lemma close_to_square_imp_in_square:
  assumes "\<forall>q \<in> square a b c. manhattan (x, y, z) q \<le> 2"
  shows "(x, y, z) \<in> square a b c"
proof -
  have "\<bar>int x - int a\<bar> + \<bar>int y - int b\<bar> + \<bar>int z - int c\<bar> \<le> 2"
    "\<bar>int x - int a - 1\<bar> + \<bar>int y - int b\<bar> + \<bar>int z - int c\<bar> \<le> 2"
    "\<bar>int x - int a\<bar> + \<bar>int y - int b - 1\<bar> + \<bar>int z - int c\<bar> \<le> 2"
    "\<bar>int x - int a - 1\<bar> + \<bar>int y - int b - 1\<bar> + \<bar>int z - int c\<bar> \<le> 2"
    using assms by (simp_all add: square_def manhattan_le_2_iff algebra_simps)
  then have "(x = a \<or> x = Suc a) \<and> (y = b \<or> y = Suc b) \<and> z = c"
    by arith
  then show ?thesis
    by (auto simp: square_def)
qed

lemma close_to_triangle_imp_apex:
  assumes "q1 = Suc p1 \<or> p1 = Suc q1" "q2 = Suc p2 \<or> p2 = Suc q2" "z \<le> c"
    and "\<forall>q \<in> {(p1, p2, Suc c), (q1, p2, Suc c), (p1, q2, Suc c)}. manhattan (x, y, z) q \<le> 2"
  shows "(x, y, z) = (p1, p2, c)"
proof -
  have "\<bar>int q1 - int p1\<bar> = 1" "\<bar>int q2 - int p2\<bar> = 1"
    using assms(1,2) by auto
  moreover have "\<bar>int x - int p1\<bar> + \<bar>int y - int p2\<bar> + (int c + 1 - int z) \<le> 2"
    "\<bar>int x - int q1\<bar> + \<bar>int y - int p2\<bar> + (int c + 1 - int z) \<le> 2"
    "\<bar>int x - int p1\<bar> + \<bar>int y - int q2\<bar> + (int c + 1 - int z) \<le> 2"
    using assms(3,4) by (simp_all add: manhattan_le_2_iff)
  ultimately show ?thesis
    using assms(3) by simp arith
qed

lemma triangle_with_apex_below_in_Delta32:
  assumes "q1 = Suc p1 \<or> p1 = Suc q1" "q2 = Suc p2 \<or> p2 = Suc q2"
    and "p1 \<le> m" "q1 \<le> m" "p2 \<le> m" "q2 \<le> m" "c < m"
  shows "{(p1, p2, c), (p1, p2, Suc c), (q1, p2, Suc c), (p1, q2, Suc c)} \<in> Delta32 m"
  using assms(1,2) by (elim disjE) (use assms in \<open>auto simp: in_Delta32_iff grid_def manhattan_def\<close>)

lemma square_in_Delta32:
  assumes "a < m" "b < m" "c \<le> m"
  shows "square a b c \<in> Delta32 m"
  using assms by (auto simp: in_Delta32_iff grid_def square_def manhattan_def)

lemma square_maximal:
  assumes "p \<notin> square a b c"
  shows "insert p (square a b c) \<notin> Delta32 m"
proof
  assume "insert p (square a b c) \<in> Delta32 m"
  then have "\<forall>q \<in> square a b c. manhattan p q \<le> 2"
    by (simp add: in_Delta32_iff)
  then show False
    using close_to_square_imp_in_square assms by (cases p) blast
qed

lemma square_facet_has_untouched_apex:
  assumes "a < m" "b < m" "c < m" "w \<in> square a b (Suc c)"
  shows "\<exists>u \<in> grid m. antilex_less u w \<and>
    untouched_apex antilex_less (Delta32 m) (square a b (Suc c) - {w}) u"
proof -
  obtain x y where w: "w = (x, y, Suc c)" "x = a \<or> x = Suc a" "y = b \<or> y = Suc b"
    using assms(4) by (auto simp: square_def)
  define x' where "x' = (if x = a then Suc a else a)"
  define y' where "y' = (if y = b then Suc b else b)"
  have adjacent: "x = Suc x' \<or> x' = Suc x" "y = Suc y' \<or> y' = Suc y"
    using w by (auto simp: x'_def y'_def)
  define L where "L = {(x', y', Suc c), (x, y', Suc c), (x', y, Suc c)}"
  have facet: "square a b (Suc c) - {w} = L"
    using w by (auto simp: square_def L_def x'_def y'_def)
  define u where "u = (x', y', c)"
  have u: "u \<in> grid m" "antilex_less u w" "u \<notin> L"
    using assms w by (auto simp: u_def grid_def x'_def y'_def antilex_less_def L_def)
  have tetrahedron: "insert u L \<in> Delta32 m"
    unfolding L_def u_def
    by (rule triangle_with_apex_below_in_Delta32[OF adjacent]) (use assms w in \<open>auto simp: x'_def y'_def\<close>)
  have below: "p \<notin> insert u L \<and> insert p (insert u L) \<notin> Delta32 m"
    if "antilex_less p u" for p
  proof -
    obtain x1 x2 x3 where p: "p = (x1, x2, x3)"
      by (cases p)
    with that have lower: "x3 \<le> c" "p \<noteq> u"
      by (auto simp: antilex_less_def u_def)
    have "insert p L \<notin> Delta32 m"
    proof
      assume "insert p L \<in> Delta32 m"
      then have "\<forall>q \<in> L. manhattan p q \<le> 2"
        by (simp add: in_Delta32_iff)
      then show False
        using close_to_triangle_imp_apex[OF adjacent lower(1)] p lower(2) by (simp add: L_def u_def)
    qed
    moreover have "p \<notin> L"
      using p lower(1) by (auto simp: L_def)
    ultimately show ?thesis
      using lower(2) by (auto simp: in_Delta32_iff)
  qed
  show ?thesis
    unfolding facet untouched_apex_def using u tetrahedron below by blast
qed

lemma square_critical:
  assumes "a < m" "b < m" "c < m"
  shows "square a b (Suc c) \<in> critical_cells m 3"
proof -
  have "square a b (Suc c) \<in> fold T_step (verts m) (Delta32 m)"
  proof (rule maximal_simplex_with_untouched_apexes_survives[OF sorted_verts asymp_antilex_less])
    show "square a b (Suc c) \<in> Delta32 m"
      using assms by (simp add: square_in_Delta32)
    show "insert p (square a b (Suc c)) \<notin> Delta32 m" if "p \<notin> square a b (Suc c)" for p
      using square_maximal[OF that] .
    show "\<exists>u \<in> set (verts m). antilex_less u w \<and>
        untouched_apex antilex_less (Delta32 m) (square a b (Suc c) - {w}) u"
      if "w \<in> square a b (Suc c)" for w
      using square_facet_has_untouched_apex[OF assms that] unfolding set_verts .
  qed
  then show ?thesis
    by (simp add: critical_cells_def T_final_def square_def)
qed

lemma finite_critical_cells: "finite (critical_cells m d)"
proof (rule finite_subset)
  have "Delta32 m \<subseteq> Pow (grid m)"
    by (auto simp: in_Delta32_iff)
  then show "critical_cells m d \<subseteq> Pow (grid m)"
    using fold_T_step_subset[of "verts m" "Delta32 m"]
    by (auto simp: critical_cells_def T_final_def)
  show "finite (Pow (grid m))"
    by (simp add: grid_def)
qed

lemma square_injective:
  assumes "square a b c = square a' b' c'"
  shows "(a, b, c) = (a', b', c')"
proof -
  have "(a, b, c) \<in> square a b c" "(a', b', c') \<in> square a' b' c'"
    by (simp_all add: square_def)
  then have "(a, b, c) \<in> square a' b' c'" "(a', b', c') \<in> square a b c"
    using assms by simp_all
  then show ?thesis
    unfolding square_def by auto
qed

lemma inj_on_square: "inj_on (\<lambda>(a, b, c). square a b (Suc c)) X"
  by (rule inj_onI) (auto dest: square_injective)

lemma cube_le_card_critical_cells_3: "m ^ 3 \<le> card (critical_cells m 3)"
proof -
  let ?X = "{..<m} \<times> {..<m} \<times> {..<m}"
  have "m ^ 3 = card ((\<lambda>(a, b, c). square a b (Suc c)) ` ?X)"
    by (simp add: card_image[OF inj_on_square] card_cartesian_product power3_eq_cube)
  also have "\<dots> \<le> card (critical_cells m 3)"
    by (rule card_mono[OF finite_critical_cells]) (auto intro: square_critical)
  finally show ?thesis .
qed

PROBLEM DESCRIPTION ▸ Print each record word for word.

EXPECTED ANSWER ▸
lemma close_to_square_imp_in_square:
  assumes "\<forall>q \<in> square a b c. manhattan (x, y, z) q \<le> 2"
  shows "(x, y, z) \<in> square a b c"
proof -
  have "\<bar>int x - int a\<bar> + \<bar>int y - int b\<bar> + \<bar>int z - int c\<bar> \<le> 2"
    "\<bar>int x - int a - 1\<bar> + \<bar>int y - int b\<bar> + \<bar>int z - int c\<bar> \<le> 2"
    "\<bar>int x - int a\<bar> + \<bar>int y - int b - 1\<bar> + \<bar>int z - int c\<bar> \<le> 2"
    "\<bar>int x - int a - 1\<bar> + \<bar>int y - int b - 1\<bar> + \<bar>int z - int c\<bar> \<le> 2"
    using assms by (simp_all add: square_def manhattan_le_2_iff algebra_simps)
  then have "(x = a \<or> x = Suc a) \<and> (y = b \<or> y = Suc b) \<and> z = c"
    by arith
  then show ?thesis
    by (auto simp: square_def)
qed

lemma close_to_triangle_imp_apex:
  assumes "q1 = Suc p1 \<or> p1 = Suc q1" "q2 = Suc p2 \<or> p2 = Suc q2" "z \<le> c"
    and "\<forall>q \<in> {(p1, p2, Suc c), (q1, p2, Suc c), (p1, q2, Suc c)}. manhattan (x, y, z) q \<le> 2"
  shows "(x, y, z) = (p1, p2, c)"
proof -
  have "\<bar>int q1 - int p1\<bar> = 1" "\<bar>int q2 - int p2\<bar> = 1"
    using assms(1,2) by auto
  moreover have "\<bar>int x - int p1\<bar> + \<bar>int y - int p2\<bar> + (int c + 1 - int z) \<le> 2"
    "\<bar>int x - int q1\<bar> + \<bar>int y - int p2\<bar> + (int c + 1 - int z) \<le> 2"
    "\<bar>int x - int p1\<bar> + \<bar>int y - int q2\<bar> + (int c + 1 - int z) \<le> 2"
    using assms(3,4) by (simp_all add: manhattan_le_2_iff)
  ultimately show ?thesis
    using assms(3) by simp arith
qed

lemma triangle_with_apex_below_in_Delta32:
  assumes "q1 = Suc p1 \<or> p1 = Suc q1" "q2 = Suc p2 \<or> p2 = Suc q2"
    and "p1 \<le> m" "q1 \<le> m" "p2 \<le> m" "q2 \<le> m" "c < m"
  shows "{(p1, p2, c), (p1, p2, Suc c), (q1, p2, Suc c), (p1, q2, Suc c)} \<in> Delta32 m"
  using assms(1,2) by (elim disjE) (use assms in \<open>auto simp: in_Delta32_iff grid_def manhattan_def\<close>)

lemma square_in_Delta32:
  assumes "a < m" "b < m" "c \<le> m"
  shows "square a b c \<in> Delta32 m"
  using assms by (auto simp: in_Delta32_iff grid_def square_def manhattan_def)

lemma square_maximal:
  assumes "p \<notin> square a b c"
  shows "insert p (square a b c) \<notin> Delta32 m"
proof
  assume "insert p (square a b c) \<in> Delta32 m"
  then have "\<forall>q \<in> square a b c. manhattan p q \<le> 2"
    by (simp add: in_Delta32_iff)
  then show False
    using close_to_square_imp_in_square assms by (cases p) blast
qed

lemma square_facet_has_untouched_apex:
  assumes "a < m" "b < m" "c < m" "w \<in> square a b (Suc c)"
  shows "\<exists>u \<in> grid m. antilex_less u w \<and>
    untouched_apex antilex_less (Delta32 m) (square a b (Suc c) - {w}) u"
proof -
  obtain x y where w: "w = (x, y, Suc c)" "x = a \<or> x = Suc a" "y = b \<or> y = Suc b"
    using assms(4) by (auto simp: square_def)
  define x' where "x' = (if x = a then Suc a else a)"
  define y' where "y' = (if y = b then Suc b else b)"
  have adjacent: "x = Suc x' \<or> x' = Suc x" "y = Suc y' \<or> y' = Suc y"
    using w by (auto simp: x'_def y'_def)
  define L where "L = {(x', y', Suc c), (x, y', Suc c), (x', y, Suc c)}"
  have facet: "square a b (Suc c) - {w} = L"
    using w by (auto simp: square_def L_def x'_def y'_def)
  define u where "u = (x', y', c)"
  have u: "u \<in> grid m" "antilex_less u w" "u \<notin> L"
    using assms w by (auto simp: u_def grid_def x'_def y'_def antilex_less_def L_def)
  have tetrahedron: "insert u L \<in> Delta32 m"
    unfolding L_def u_def
    by (rule triangle_with_apex_below_in_Delta32[OF adjacent]) (use assms w in \<open>auto simp: x'_def y'_def\<close>)
  have below: "p \<notin> insert u L \<and> insert p (insert u L) \<notin> Delta32 m"
    if "antilex_less p u" for p
  proof -
    obtain x1 x2 x3 where p: "p = (x1, x2, x3)"
      by (cases p)
    with that have lower: "x3 \<le> c" "p \<noteq> u"
      by (auto simp: antilex_less_def u_def)
    have "insert p L \<notin> Delta32 m"
    proof
      assume "insert p L \<in> Delta32 m"
      then have "\<forall>q \<in> L. manhattan p q \<le> 2"
        by (simp add: in_Delta32_iff)
      then show False
        using close_to_triangle_imp_apex[OF adjacent lower(1)] p lower(2) by (simp add: L_def u_def)
    qed
    moreover have "p \<notin> L"
      using p lower(1) by (auto simp: L_def)
    ultimately show ?thesis
      using lower(2) by (auto simp: in_Delta32_iff)
  qed
  show ?thesis
    unfolding facet untouched_apex_def using u tetrahedron below by blast
qed

lemma square_critical:
  assumes "a < m" "b < m" "c < m"
  shows "square a b (Suc c) \<in> critical_cells m 3"
proof -
  have "square a b (Suc c) \<in> fold T_step (verts m) (Delta32 m)"
  proof (rule maximal_simplex_with_untouched_apexes_survives[OF sorted_verts asymp_antilex_less])
    show "square a b (Suc c) \<in> Delta32 m"
      using assms by (simp add: square_in_Delta32)
    show "insert p (square a b (Suc c)) \<notin> Delta32 m" if "p \<notin> square a b (Suc c)" for p
      using square_maximal[OF that] .
    show "\<exists>u \<in> set (verts m). antilex_less u w \<and>
        untouched_apex antilex_less (Delta32 m) (square a b (Suc c) - {w}) u"
      if "w \<in> square a b (Suc c)" for w
      using square_facet_has_untouched_apex[OF assms that] unfolding set_verts .
  qed
  then show ?thesis
    by (simp add: critical_cells_def T_final_def square_def)
qed

lemma finite_critical_cells: "finite (critical_cells m d)"
proof (rule finite_subset)
  have "Delta32 m \<subseteq> Pow (grid m)"
    by (auto simp: in_Delta32_iff)
  then show "critical_cells m d \<subseteq> Pow (grid m)"
    using fold_T_step_subset[of "verts m" "Delta32 m"]
    by (auto simp: critical_cells_def T_final_def)
  show "finite (Pow (grid m))"
    by (simp add: grid_def)
qed

lemma square_injective:
  assumes "square a b c = square a' b' c'"
  shows "(a, b, c) = (a', b', c')"
proof -
  have "(a, b, c) \<in> square a b c" "(a', b', c') \<in> square a' b' c'"
    by (simp_all add: square_def)
  then have "(a, b, c) \<in> square a' b' c'" "(a', b', c') \<in> square a b c"
    using assms by simp_all
  then show ?thesis
    unfolding square_def by auto
qed

lemma inj_on_square: "inj_on (\<lambda>(a, b, c). square a b (Suc c)) X"
  by (rule inj_onI) (auto dest: square_injective)

lemma cube_le_card_critical_cells_3: "m ^ 3 \<le> card (critical_cells m 3)"
proof -
  let ?X = "{..<m} \<times> {..<m} \<times> {..<m}"
  have "m ^ 3 = card ((\<lambda>(a, b, c). square a b (Suc c)) ` ?X)"
    by (simp add: card_image[OF inj_on_square] card_cartesian_product power3_eq_cube)
  also have "\<dots> \<le> card (critical_cells m 3)"
    by (rule card_mono[OF finite_critical_cells]) (auto intro: square_critical)
  finally show ?thesis .
qed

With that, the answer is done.